» **Work item**
The word to look for is "unfolding". Report every line of the entries below that has it.

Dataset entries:
------------------------------------------------
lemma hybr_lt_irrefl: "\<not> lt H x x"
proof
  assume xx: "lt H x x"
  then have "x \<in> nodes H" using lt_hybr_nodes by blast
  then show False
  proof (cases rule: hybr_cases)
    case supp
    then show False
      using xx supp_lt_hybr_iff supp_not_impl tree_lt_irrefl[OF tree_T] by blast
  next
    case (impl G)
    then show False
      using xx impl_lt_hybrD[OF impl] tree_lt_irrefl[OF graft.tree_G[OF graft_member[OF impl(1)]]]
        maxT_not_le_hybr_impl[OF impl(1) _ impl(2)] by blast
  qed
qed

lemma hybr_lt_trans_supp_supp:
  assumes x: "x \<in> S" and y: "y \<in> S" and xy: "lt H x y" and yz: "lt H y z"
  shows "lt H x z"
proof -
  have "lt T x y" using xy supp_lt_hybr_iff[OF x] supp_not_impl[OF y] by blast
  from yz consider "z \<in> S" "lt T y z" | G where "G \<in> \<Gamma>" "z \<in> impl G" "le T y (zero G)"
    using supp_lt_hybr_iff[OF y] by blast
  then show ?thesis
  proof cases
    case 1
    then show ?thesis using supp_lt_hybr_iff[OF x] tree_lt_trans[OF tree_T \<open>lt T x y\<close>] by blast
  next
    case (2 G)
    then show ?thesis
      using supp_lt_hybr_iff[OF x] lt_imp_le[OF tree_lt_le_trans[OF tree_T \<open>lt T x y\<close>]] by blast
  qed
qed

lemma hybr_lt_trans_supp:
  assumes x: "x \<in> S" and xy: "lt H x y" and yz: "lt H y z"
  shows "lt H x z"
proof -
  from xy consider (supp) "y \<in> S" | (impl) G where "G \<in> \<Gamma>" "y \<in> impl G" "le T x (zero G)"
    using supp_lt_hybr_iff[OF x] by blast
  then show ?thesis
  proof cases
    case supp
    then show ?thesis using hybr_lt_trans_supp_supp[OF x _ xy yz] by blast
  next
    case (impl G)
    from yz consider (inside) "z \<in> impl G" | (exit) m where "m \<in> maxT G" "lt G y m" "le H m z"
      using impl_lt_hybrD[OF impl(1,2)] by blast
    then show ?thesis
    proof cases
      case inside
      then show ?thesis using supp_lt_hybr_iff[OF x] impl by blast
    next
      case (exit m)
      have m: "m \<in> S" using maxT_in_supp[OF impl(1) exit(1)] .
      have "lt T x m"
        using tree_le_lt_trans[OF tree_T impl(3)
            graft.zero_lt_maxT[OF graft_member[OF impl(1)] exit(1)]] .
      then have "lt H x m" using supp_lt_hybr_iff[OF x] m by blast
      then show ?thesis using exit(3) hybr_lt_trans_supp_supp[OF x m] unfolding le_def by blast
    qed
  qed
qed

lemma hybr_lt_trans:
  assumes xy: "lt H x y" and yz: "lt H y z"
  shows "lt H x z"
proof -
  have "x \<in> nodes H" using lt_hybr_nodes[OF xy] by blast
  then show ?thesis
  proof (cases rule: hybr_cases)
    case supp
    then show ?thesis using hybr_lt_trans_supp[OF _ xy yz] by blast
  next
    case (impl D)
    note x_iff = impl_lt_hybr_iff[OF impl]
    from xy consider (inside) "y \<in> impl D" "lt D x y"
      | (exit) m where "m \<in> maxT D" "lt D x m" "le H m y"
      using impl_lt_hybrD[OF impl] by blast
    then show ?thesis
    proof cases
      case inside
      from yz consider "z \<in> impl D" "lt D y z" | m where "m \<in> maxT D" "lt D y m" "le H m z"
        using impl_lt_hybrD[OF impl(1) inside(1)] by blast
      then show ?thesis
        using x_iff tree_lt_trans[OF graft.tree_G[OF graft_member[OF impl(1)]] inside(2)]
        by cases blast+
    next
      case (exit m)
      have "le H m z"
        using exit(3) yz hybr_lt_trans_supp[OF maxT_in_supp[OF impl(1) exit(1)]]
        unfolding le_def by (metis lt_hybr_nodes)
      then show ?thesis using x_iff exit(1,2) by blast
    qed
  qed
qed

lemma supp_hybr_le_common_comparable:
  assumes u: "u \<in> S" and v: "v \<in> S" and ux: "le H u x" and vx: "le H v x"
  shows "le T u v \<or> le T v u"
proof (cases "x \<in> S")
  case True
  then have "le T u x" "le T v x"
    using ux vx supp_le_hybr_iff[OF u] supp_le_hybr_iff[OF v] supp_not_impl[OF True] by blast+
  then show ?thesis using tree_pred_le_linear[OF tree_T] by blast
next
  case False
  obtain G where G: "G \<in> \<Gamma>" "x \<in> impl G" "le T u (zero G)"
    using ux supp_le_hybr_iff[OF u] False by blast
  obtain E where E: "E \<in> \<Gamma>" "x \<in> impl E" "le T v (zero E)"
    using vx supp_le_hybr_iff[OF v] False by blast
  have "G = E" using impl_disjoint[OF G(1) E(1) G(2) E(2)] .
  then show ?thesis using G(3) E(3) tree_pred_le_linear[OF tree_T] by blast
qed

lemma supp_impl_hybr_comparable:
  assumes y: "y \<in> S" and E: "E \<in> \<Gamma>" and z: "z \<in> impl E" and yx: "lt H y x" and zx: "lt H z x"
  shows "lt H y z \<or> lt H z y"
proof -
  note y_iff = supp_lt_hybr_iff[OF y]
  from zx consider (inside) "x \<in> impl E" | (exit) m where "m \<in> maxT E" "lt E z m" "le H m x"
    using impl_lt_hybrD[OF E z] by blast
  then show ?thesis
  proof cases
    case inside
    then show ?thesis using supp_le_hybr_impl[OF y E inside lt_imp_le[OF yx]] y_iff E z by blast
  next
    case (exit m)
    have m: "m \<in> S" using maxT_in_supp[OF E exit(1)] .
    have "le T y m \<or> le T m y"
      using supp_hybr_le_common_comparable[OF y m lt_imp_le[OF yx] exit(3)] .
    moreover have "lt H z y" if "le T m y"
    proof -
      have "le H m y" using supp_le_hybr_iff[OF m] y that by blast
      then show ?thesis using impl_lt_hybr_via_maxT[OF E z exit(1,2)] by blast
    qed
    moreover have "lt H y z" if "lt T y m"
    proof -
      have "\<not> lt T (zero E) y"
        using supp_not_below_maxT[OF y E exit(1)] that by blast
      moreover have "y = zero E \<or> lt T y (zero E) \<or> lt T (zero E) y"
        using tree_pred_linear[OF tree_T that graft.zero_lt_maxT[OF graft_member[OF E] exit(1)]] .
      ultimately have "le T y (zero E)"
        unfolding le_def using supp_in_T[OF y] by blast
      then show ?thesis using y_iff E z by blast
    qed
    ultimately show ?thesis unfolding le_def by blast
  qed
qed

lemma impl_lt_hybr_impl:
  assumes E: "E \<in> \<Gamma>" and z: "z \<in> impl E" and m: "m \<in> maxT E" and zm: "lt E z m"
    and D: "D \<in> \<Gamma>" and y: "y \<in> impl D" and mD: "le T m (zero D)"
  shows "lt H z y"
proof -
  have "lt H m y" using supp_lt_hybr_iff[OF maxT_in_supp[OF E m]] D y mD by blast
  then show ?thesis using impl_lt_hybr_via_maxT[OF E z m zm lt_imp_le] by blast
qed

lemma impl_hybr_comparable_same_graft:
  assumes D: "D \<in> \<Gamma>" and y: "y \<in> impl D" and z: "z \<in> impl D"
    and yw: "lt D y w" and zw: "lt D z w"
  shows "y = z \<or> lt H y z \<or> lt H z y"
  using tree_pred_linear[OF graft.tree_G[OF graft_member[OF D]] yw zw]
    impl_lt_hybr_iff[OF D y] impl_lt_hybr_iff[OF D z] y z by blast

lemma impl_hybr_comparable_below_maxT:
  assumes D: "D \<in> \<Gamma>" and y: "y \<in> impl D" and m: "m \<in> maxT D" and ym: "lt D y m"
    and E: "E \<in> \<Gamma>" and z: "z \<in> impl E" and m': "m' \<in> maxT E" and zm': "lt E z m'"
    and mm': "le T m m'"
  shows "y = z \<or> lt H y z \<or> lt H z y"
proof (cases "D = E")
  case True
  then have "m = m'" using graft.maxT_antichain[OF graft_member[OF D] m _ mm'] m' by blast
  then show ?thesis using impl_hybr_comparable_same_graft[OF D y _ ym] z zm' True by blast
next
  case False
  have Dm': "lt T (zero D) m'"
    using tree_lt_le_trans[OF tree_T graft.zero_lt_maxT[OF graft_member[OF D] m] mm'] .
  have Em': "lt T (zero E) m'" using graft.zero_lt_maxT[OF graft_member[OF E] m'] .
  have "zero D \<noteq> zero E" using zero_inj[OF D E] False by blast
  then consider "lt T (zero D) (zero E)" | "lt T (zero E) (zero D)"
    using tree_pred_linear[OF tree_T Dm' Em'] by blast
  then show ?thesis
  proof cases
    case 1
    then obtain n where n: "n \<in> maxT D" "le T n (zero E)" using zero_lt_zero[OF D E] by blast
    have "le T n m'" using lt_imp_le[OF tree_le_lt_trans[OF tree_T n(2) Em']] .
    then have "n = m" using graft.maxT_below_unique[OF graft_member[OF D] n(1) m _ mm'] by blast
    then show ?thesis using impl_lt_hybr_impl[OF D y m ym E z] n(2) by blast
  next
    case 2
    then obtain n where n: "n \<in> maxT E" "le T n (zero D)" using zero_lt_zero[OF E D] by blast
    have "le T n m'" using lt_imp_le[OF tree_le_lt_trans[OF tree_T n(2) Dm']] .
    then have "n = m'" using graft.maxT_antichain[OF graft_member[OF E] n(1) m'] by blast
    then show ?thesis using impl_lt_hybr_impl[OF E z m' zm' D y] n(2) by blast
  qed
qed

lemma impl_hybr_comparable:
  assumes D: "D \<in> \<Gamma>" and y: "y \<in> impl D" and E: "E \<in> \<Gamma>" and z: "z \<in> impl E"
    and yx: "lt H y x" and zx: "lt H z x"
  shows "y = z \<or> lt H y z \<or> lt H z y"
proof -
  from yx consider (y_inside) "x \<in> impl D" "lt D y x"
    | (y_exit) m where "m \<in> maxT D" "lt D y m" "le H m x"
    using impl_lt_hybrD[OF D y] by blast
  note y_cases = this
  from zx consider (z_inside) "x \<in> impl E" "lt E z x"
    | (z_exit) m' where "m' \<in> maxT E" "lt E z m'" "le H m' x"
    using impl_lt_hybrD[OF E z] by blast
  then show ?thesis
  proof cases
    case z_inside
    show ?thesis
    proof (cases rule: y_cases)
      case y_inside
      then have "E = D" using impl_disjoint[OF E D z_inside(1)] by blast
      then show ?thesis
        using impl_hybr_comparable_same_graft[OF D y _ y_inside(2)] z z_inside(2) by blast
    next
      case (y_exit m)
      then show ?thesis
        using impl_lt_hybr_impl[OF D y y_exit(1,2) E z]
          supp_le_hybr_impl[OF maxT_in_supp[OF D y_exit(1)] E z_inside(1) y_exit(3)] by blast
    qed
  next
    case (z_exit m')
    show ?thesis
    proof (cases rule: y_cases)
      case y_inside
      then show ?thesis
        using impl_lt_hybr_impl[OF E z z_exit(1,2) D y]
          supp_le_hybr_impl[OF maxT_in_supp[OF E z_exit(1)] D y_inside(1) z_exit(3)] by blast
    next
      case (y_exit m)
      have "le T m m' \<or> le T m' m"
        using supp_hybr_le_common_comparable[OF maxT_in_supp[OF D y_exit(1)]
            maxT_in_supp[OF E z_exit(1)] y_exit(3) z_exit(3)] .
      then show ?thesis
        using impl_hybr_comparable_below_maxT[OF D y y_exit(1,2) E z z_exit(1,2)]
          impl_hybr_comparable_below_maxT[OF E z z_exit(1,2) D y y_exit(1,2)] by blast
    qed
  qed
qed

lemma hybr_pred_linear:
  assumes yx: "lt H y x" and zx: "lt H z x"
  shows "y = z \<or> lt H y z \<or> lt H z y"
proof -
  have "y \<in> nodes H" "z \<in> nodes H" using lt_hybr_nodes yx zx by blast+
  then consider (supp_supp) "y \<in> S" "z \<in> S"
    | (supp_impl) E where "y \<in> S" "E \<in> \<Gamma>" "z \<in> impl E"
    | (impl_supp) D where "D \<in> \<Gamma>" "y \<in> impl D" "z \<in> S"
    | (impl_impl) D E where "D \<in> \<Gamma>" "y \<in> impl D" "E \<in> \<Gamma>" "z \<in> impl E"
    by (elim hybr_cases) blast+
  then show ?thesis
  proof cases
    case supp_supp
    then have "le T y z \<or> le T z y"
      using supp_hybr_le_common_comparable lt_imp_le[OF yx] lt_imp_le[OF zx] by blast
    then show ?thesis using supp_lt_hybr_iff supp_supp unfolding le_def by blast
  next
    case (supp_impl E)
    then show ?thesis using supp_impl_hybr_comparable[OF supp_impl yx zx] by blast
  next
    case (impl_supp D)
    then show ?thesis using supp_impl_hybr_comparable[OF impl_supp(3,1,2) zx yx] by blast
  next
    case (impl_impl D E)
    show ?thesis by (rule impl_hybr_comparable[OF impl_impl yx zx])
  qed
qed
------------------------------------------------
» **Exercise answer**
      then show ?thesis using exit(3) hybr_lt_trans_supp_supp[OF x m] unfolding le_def by blast
        unfolding le_def by (metis lt_hybr_nodes)
        unfolding le_def using supp_in_T[OF y] by blast
    ultimately show ?thesis unfolding le_def by blast
    then show ?thesis using supp_lt_hybr_iff supp_supp unfolding le_def by blast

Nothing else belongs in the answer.